- INSTRUCTIONS FOR THE TASK
Nothing but the lines from the start of the records below through the line that has "unfolding u by" should appear, each exactly as given.

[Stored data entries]
========

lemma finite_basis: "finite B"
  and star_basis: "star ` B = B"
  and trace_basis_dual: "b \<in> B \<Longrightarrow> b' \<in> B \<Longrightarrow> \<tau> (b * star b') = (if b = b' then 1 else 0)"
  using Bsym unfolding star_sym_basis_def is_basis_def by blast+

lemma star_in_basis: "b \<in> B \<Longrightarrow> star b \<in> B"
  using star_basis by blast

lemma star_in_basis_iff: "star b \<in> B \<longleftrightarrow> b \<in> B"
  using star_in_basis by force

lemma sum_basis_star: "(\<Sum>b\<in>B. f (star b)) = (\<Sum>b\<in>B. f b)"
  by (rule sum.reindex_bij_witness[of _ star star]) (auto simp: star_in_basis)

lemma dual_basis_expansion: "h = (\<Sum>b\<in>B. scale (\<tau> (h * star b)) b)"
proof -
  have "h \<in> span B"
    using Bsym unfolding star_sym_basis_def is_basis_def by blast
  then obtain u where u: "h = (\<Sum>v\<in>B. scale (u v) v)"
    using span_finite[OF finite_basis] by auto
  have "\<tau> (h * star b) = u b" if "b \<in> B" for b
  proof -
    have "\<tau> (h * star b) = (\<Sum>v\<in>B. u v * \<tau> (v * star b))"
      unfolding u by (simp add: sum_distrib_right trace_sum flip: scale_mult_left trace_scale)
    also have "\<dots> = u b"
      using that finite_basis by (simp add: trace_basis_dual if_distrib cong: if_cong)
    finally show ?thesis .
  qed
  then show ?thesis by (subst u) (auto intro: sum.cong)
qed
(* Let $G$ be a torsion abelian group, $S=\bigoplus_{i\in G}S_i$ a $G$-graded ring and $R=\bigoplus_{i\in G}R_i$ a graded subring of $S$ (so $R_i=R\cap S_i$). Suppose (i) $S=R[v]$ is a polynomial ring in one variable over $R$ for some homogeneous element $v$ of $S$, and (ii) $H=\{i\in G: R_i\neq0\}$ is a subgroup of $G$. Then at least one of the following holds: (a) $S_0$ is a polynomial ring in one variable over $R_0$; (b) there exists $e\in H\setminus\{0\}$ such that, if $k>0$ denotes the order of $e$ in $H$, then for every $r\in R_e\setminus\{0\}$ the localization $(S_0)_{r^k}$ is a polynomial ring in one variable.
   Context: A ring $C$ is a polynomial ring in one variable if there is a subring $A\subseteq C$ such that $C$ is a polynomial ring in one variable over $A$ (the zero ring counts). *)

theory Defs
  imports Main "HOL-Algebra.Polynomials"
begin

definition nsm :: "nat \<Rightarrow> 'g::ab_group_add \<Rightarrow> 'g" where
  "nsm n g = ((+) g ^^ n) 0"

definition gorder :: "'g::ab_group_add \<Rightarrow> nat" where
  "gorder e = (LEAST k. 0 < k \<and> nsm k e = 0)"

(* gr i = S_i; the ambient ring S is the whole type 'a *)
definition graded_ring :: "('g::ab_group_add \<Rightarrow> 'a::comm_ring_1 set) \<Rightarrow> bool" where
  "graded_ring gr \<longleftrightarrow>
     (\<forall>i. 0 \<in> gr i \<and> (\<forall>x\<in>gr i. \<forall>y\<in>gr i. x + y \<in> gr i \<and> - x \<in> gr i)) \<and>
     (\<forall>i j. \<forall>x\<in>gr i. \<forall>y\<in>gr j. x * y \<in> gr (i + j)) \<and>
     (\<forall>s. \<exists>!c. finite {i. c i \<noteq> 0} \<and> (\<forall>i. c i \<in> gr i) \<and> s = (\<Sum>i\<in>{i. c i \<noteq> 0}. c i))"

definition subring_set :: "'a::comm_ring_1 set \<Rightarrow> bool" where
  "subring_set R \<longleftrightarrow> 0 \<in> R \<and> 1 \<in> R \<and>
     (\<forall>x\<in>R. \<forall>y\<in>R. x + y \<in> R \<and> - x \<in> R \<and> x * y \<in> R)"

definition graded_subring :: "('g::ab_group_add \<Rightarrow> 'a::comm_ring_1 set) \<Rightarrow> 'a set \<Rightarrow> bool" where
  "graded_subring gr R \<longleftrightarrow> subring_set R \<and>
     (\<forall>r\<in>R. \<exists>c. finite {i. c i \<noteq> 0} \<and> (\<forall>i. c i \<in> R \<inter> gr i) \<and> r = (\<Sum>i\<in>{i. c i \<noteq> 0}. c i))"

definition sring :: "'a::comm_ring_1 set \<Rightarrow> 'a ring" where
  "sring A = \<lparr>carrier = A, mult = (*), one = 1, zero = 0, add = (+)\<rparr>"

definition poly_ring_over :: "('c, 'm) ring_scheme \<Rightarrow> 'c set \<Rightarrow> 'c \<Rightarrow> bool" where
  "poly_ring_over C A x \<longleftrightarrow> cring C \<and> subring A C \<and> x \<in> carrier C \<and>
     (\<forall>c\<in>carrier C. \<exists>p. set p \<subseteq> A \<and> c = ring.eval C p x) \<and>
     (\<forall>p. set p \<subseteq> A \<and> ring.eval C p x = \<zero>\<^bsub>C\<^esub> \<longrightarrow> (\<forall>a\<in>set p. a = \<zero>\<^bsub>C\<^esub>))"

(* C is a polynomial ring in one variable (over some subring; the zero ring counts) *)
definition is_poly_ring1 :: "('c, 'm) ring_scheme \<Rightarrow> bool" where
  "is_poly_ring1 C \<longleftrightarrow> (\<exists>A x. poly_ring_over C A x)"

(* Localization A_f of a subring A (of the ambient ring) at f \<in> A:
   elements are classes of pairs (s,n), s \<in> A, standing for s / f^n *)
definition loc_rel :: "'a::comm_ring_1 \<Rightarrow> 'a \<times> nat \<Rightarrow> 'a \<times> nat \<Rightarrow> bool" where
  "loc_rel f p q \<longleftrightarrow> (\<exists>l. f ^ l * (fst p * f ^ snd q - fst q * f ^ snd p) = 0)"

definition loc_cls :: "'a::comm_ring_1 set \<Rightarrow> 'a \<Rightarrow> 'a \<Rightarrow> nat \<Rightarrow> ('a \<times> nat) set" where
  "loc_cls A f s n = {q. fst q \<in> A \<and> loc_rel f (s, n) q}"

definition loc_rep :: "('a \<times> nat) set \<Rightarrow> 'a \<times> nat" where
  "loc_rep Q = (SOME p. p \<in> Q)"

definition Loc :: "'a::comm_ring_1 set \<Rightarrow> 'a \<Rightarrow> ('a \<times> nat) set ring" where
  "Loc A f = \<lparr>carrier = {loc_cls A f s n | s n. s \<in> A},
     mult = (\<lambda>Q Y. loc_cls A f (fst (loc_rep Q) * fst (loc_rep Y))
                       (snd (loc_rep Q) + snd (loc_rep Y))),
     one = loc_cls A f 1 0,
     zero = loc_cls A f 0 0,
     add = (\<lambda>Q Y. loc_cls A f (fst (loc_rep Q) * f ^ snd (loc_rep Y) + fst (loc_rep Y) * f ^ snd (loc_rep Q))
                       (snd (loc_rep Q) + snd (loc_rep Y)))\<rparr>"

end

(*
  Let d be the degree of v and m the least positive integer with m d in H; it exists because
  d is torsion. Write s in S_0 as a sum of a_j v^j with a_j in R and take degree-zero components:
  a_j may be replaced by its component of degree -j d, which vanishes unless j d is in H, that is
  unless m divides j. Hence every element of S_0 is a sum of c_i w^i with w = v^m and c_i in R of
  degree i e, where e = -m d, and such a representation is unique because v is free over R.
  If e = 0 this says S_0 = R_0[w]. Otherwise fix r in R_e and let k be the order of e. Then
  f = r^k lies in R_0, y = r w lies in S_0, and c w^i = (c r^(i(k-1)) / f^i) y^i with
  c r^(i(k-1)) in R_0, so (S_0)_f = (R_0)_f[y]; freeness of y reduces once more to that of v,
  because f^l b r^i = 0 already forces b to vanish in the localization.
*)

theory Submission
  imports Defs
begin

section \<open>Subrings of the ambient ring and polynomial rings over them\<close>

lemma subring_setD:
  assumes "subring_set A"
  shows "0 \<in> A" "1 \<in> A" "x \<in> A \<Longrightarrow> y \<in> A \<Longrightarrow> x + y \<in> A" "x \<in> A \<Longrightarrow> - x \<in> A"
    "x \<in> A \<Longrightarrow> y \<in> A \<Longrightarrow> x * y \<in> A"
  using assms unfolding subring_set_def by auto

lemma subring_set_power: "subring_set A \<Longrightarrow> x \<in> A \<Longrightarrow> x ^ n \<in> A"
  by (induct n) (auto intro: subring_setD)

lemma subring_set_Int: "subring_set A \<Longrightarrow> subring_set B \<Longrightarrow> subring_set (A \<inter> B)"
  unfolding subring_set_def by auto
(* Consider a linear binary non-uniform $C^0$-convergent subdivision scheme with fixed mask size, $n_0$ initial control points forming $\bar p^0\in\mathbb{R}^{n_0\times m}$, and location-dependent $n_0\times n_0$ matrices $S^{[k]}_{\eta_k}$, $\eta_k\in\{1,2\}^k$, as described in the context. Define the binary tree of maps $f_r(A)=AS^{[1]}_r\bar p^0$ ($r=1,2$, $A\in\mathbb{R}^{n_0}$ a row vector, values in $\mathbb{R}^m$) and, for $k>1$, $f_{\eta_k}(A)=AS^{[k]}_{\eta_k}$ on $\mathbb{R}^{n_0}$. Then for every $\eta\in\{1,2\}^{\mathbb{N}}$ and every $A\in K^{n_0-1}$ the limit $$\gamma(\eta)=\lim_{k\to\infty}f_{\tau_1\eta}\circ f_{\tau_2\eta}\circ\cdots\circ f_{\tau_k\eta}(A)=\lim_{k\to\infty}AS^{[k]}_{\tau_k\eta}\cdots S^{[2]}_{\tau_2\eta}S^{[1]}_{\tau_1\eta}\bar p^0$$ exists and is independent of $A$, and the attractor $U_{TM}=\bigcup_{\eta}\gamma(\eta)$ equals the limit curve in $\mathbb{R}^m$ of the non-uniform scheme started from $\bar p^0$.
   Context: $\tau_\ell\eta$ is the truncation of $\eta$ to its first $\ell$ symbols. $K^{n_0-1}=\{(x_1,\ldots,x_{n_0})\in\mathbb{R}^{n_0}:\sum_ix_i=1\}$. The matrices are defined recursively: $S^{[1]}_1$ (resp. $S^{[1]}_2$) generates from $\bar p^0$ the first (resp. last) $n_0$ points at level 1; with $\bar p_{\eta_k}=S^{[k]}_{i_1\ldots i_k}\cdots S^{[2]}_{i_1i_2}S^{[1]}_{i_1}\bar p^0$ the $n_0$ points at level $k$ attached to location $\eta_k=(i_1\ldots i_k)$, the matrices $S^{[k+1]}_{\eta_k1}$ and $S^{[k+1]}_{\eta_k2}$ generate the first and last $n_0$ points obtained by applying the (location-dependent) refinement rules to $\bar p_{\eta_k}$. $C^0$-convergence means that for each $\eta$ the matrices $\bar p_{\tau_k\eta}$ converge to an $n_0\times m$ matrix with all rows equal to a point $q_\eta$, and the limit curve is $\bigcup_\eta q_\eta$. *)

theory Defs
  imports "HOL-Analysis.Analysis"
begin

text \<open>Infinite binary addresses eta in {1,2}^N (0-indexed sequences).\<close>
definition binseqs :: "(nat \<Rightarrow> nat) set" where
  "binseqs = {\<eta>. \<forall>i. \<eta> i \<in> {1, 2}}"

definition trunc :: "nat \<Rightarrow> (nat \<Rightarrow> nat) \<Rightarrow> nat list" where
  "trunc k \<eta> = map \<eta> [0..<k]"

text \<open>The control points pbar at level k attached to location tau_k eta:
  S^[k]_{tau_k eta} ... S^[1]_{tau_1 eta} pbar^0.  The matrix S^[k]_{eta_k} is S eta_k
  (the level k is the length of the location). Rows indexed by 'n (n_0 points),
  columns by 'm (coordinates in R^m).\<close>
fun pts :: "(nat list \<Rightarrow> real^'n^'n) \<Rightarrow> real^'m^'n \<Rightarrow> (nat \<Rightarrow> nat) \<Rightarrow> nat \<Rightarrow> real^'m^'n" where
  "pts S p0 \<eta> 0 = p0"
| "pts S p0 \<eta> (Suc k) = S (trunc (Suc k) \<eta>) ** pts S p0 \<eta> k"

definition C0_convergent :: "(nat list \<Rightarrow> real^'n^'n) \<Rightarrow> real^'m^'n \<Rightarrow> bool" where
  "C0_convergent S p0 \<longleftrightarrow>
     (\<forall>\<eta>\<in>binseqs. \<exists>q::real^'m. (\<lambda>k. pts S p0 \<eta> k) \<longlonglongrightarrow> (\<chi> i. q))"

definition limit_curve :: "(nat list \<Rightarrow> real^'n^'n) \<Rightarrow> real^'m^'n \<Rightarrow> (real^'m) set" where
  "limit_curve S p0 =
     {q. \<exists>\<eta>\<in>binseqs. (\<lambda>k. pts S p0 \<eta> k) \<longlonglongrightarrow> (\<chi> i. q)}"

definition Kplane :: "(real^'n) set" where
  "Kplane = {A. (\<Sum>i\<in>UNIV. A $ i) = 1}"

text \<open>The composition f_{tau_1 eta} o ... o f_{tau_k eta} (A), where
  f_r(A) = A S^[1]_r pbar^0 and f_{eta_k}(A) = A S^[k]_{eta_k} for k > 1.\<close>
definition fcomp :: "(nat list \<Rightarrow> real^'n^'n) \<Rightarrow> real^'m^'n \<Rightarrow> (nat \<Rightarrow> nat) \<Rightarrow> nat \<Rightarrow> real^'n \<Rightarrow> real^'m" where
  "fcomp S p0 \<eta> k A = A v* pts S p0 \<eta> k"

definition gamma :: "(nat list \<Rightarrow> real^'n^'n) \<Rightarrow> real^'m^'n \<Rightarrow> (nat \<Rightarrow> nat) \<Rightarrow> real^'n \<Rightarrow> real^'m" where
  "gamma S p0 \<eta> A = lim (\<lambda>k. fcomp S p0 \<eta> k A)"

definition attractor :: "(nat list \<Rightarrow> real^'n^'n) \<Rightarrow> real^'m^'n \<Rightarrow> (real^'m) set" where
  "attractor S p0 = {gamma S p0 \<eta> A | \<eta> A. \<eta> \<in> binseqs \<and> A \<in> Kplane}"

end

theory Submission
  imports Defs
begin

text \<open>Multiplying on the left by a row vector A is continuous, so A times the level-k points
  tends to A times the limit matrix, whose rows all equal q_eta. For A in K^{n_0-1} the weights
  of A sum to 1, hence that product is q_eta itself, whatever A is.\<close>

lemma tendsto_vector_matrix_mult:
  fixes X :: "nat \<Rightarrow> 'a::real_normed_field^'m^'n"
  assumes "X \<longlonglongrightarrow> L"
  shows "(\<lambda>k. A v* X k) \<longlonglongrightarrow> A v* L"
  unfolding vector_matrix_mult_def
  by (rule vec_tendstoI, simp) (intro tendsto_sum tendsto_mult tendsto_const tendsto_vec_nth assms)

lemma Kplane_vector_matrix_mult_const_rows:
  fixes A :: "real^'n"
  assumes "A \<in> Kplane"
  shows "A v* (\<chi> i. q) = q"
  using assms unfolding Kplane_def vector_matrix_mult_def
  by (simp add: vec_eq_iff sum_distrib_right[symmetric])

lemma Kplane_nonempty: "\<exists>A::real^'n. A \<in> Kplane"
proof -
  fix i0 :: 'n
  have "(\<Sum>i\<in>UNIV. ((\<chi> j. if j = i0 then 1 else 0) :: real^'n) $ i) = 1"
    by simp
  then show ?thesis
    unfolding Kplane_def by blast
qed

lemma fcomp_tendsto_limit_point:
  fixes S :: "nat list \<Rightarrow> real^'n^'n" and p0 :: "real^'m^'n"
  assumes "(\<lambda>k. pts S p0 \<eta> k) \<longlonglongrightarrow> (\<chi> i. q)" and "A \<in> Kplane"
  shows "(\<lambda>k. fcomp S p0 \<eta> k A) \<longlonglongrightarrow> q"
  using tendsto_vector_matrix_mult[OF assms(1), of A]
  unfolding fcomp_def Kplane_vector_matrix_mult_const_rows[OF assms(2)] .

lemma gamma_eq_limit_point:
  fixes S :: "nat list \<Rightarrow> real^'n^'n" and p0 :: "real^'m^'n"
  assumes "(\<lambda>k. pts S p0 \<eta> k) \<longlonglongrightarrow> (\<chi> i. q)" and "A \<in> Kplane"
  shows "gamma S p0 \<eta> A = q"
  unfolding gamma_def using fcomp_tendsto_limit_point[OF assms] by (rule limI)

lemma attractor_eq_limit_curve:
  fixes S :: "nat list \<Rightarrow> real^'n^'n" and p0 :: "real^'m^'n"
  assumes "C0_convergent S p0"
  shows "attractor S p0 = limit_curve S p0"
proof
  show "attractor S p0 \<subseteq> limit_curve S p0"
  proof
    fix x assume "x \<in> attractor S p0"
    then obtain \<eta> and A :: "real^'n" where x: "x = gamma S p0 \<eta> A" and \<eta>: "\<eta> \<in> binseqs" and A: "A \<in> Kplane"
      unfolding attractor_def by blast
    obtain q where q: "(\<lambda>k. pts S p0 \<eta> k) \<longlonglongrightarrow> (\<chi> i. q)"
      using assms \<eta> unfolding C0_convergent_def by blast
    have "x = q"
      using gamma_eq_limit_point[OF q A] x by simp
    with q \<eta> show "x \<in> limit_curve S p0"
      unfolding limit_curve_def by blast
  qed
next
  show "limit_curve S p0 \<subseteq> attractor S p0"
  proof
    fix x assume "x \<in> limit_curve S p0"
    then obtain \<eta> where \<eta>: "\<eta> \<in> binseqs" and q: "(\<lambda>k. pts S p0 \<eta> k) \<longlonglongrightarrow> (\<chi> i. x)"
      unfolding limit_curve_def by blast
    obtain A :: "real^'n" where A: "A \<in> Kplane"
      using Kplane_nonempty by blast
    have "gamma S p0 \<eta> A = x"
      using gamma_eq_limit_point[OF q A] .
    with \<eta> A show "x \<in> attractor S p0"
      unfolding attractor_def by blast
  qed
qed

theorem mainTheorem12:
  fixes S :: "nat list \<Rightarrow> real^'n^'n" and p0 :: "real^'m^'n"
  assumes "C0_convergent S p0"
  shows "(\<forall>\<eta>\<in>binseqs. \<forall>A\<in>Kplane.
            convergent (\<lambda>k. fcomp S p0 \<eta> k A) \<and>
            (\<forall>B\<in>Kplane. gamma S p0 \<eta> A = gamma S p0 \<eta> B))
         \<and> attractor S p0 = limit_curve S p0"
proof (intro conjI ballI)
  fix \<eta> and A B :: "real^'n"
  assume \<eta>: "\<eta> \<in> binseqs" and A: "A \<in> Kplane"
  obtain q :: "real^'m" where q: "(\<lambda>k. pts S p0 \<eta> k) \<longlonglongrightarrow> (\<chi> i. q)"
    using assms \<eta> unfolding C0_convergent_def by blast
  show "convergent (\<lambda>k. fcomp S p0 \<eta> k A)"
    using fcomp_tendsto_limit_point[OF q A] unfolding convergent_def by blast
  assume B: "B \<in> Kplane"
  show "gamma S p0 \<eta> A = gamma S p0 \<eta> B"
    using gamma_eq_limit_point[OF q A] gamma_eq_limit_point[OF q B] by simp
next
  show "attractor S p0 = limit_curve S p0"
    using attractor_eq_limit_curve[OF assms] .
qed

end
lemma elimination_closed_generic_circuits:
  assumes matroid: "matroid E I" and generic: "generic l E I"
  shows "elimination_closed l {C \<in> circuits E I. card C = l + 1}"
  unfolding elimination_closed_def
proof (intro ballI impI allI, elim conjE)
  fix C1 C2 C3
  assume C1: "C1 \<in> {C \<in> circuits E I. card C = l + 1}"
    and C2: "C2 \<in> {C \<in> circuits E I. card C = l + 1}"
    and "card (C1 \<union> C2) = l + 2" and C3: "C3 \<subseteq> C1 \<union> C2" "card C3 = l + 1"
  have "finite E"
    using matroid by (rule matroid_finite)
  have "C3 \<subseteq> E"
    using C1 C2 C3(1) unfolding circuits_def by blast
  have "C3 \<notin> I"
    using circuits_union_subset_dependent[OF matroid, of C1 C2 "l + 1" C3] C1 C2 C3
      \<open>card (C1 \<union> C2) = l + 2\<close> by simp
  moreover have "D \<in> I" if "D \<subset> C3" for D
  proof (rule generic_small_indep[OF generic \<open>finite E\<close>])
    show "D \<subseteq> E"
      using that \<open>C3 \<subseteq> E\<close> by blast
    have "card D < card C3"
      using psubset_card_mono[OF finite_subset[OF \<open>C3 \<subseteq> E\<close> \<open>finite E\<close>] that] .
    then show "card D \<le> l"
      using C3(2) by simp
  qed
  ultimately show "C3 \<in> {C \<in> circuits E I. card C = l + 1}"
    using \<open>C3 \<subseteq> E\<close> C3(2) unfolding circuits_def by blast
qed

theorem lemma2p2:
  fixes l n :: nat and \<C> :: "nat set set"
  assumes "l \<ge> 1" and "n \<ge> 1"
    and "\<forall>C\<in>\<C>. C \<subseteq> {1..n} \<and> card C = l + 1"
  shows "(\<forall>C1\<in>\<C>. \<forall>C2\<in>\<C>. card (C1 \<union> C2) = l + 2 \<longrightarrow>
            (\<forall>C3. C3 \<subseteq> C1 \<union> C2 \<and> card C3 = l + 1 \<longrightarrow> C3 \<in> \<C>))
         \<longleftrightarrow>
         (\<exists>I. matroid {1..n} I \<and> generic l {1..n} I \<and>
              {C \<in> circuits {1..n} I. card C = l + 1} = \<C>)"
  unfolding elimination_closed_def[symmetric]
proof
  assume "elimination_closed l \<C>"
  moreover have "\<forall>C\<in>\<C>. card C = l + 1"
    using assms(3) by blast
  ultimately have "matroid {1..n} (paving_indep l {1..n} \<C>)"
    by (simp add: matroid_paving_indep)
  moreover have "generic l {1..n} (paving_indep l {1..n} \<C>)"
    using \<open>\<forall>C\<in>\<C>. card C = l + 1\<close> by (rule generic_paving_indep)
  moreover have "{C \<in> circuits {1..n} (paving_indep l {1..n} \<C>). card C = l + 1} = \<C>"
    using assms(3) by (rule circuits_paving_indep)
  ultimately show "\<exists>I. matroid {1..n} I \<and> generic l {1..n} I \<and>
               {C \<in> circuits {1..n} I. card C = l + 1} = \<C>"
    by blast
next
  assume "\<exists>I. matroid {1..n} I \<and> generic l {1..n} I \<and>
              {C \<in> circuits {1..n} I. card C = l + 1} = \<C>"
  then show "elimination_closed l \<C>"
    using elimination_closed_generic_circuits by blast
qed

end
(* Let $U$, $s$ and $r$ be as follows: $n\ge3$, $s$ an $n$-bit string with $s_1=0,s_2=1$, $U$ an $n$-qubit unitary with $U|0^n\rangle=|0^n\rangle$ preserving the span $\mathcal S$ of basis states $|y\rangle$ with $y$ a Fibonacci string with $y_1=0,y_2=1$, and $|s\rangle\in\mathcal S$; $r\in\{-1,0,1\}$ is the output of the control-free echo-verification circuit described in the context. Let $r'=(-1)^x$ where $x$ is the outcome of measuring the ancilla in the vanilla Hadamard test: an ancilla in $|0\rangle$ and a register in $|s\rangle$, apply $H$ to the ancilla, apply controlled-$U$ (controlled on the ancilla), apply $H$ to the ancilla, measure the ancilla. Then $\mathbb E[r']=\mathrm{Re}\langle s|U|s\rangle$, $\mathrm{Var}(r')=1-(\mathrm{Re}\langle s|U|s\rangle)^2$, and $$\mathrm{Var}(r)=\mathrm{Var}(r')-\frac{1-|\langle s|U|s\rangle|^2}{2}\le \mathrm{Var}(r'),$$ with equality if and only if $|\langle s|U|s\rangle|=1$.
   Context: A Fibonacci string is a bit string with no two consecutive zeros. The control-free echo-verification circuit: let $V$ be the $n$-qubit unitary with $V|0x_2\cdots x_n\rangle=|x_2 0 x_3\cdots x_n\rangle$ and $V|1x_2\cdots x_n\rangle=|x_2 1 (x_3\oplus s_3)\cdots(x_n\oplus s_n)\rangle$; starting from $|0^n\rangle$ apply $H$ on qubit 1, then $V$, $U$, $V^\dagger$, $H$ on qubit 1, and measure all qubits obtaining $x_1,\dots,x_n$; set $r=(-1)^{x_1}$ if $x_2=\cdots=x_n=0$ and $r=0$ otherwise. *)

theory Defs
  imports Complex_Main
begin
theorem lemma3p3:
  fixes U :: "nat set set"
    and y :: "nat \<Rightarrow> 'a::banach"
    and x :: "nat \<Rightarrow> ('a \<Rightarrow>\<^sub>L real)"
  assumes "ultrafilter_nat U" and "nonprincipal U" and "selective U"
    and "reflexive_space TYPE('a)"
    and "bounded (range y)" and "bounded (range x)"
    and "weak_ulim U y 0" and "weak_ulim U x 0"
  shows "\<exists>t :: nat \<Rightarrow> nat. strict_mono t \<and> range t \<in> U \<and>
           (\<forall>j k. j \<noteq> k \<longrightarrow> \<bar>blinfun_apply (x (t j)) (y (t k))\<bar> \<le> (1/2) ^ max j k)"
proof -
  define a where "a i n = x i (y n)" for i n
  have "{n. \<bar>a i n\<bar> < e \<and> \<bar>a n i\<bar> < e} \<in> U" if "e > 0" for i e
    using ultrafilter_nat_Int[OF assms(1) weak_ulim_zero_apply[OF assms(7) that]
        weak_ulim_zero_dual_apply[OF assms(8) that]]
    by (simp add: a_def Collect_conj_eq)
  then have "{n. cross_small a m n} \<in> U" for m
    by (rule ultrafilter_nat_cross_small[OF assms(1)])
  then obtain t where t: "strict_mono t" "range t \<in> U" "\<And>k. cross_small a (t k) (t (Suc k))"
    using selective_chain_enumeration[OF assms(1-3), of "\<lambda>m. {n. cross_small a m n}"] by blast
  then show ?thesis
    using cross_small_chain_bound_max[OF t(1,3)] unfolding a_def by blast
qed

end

========

- SOLUTION TO THE EXERCISE
lemma finite_basis: "finite B"
  and star_basis: "star ` B = B"
  and trace_basis_dual: "b \<in> B \<Longrightarrow> b' \<in> B \<Longrightarrow> \<tau> (b * star b') = (if b = b' then 1 else 0)"
  using Bsym unfolding star_sym_basis_def is_basis_def by blast+

lemma star_in_basis: "b \<in> B \<Longrightarrow> star b \<in> B"
  using star_basis by blast

lemma star_in_basis_iff: "star b \<in> B \<longleftrightarrow> b \<in> B"
  using star_in_basis by force

lemma sum_basis_star: "(\<Sum>b\<in>B. f (star b)) = (\<Sum>b\<in>B. f b)"
  by (rule sum.reindex_bij_witness[of _ star star]) (auto simp: star_in_basis)

lemma dual_basis_expansion: "h = (\<Sum>b\<in>B. scale (\<tau> (h * star b)) b)"
proof -
  have "h \<in> span B"
    using Bsym unfolding star_sym_basis_def is_basis_def by blast
  then obtain u where u: "h = (\<Sum>v\<in>B. scale (u v) v)"
    using span_finite[OF finite_basis] by auto
  have "\<tau> (h * star b) = u b" if "b \<in> B" for b
  proof -
    have "\<tau> (h * star b) = (\<Sum>v\<in>B. u v * \<tau> (v * star b))"
      unfolding u by (simp add: sum_distrib_right trace_sum flip: scale_mult_left trace_scale)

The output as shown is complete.